1970 novel by Philip José Farmer

Lord of the Trees is an American novel by Philip José Farmer. Originally released in 1970, it was one of two intertwining sequels to Farmer's previous A Feast Unknown; The Mad Goblin is a sequel to both books. Lord of the Trees features Lord Grandrith, an analogue (or "Tarzanalogue") of Tarzan, as the main character.

==Plot summary==

At the end of A Feast Unknown, Grandrith and Doc Caliban (a thinly disguised Doc Savage) cease fighting each other upon learning that their personal war and indeed their entire lives were engineered by the Nine, a megalomaniacal and powerful secret society. The two men have a sexual affliction in common; they are impotent except when performing acts of violence; a temporary side effect of a serum that grants them eternal life—another product of the Nine. Angered by the ways they have been manipulated, the two heroes split up to overthrow the Nine, ultimately meeting up at the end. Lord of the Trees shows the story from Grandrith's point of view. The Mad Goblin tells the same story from Doc Caliban's viewpoint.

During the events of the book, Grandrith kills a member of the Nine, Mubaniga.

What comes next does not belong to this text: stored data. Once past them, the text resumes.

lemma (in finite_measure) ess_inf_of_directed:
  fixes S :: "('a \<Rightarrow> ereal) set"
  assumes "S \<noteq> {}" and S_meas: "S \<subseteq> borel_measurable M"
    and directed: "\<And>u v. u \<in> S \<Longrightarrow> v \<in> S \<Longrightarrow> \<exists>w\<in>S. AE x in M. w x \<le> u x \<and> w x \<le> v x"
  obtains g where "range g \<subseteq> S" "AE x in M. decseq (\<lambda>n. g n x)"
    "is_ess_inf M S (\<lambda>x. INF n. g n x)"
proof -
  obtain g where g: "range g \<subseteq> S" "AE x in M. decseq (\<lambda>n. g n x)"
    and minimising: "\<And>n u. u \<in> S \<Longrightarrow>
      (\<integral>x. squash (g n x) \<partial>M) < (\<integral>x. squash (u x) \<partial>M) + 1 / Suc n"
    using squash_minimising_decseq[OF assms] by blast
  have "(\<lambda>x. INF n. g n x) \<in> borel_measurable M"
    using g(1) S_meas by (intro borel_measurable_INF) auto
  moreover have "AE x in M. (INF n. g n x) \<le> u x" if "u \<in> S" for u
    using S_meas directed g(1) minimising that by (rule INF_minimising_le)
  moreover have "AE x in M. Y x \<le> (INF n. g n x)"
    if "\<forall>u\<in>S. AE x in M. Y x \<le> u x" for Y
  proof -
    have "AE x in M. \<forall>n. Y x \<le> g n x"
      using that g(1) by (auto simp: AE_all_countable)
    then show ?thesis
      by eventually_elim (simp add: le_INF_iff)
  qed
  ultimately have "is_ess_inf M S (\<lambda>x. INF n. g n x)"
    unfolding is_ess_inf_def by blast
  with g show thesis
    by (rule that)
qed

The oldest member of the Nine, XauXaz, died previously of extreme old age in A Feast Unknown. Two other members, Jiinfan and Iwaldi, are killed in The Mad Goblin. In the end, only five of the Nine remain alive.

==Connection to Wold Newton family==
Like A Feast Unknown, Lord of the Trees contains many elements in common with Farmer's Wold Newton family concept, primarily the presence of characters based on Doc Savage and Tarzan. However, there is some disagreement as to where the stories fit into Farmer's fictional chronology, or, indeed, whether they fit at all. Farmer himself said that it was best to "let the reader decide," but some Wold Newton fans have taken it upon themselves to explain the apparent discrepancies. In particular, see Dennis E. Power's essays "Triple Tarzan Tangle," "Tarzan? Jane?" and "Tarzans in the Valley of Gold".

==Publishing history==
The book was originally released as an "Ace Double" with The Mad Goblin in 1970. This copy featured cover art by Gray Morrow. Another Ace Double edition was published a decade later, in 1980. The book was later published in the United Kingdom in 1983 by Severn with art by Julie Smith. It was also released by Sphere in 1983, and in 1988 as an omnibus called "Empire of the Nine". The French edition was entitled "Le Seigneur des Arbes" ("The Lord of the Trees").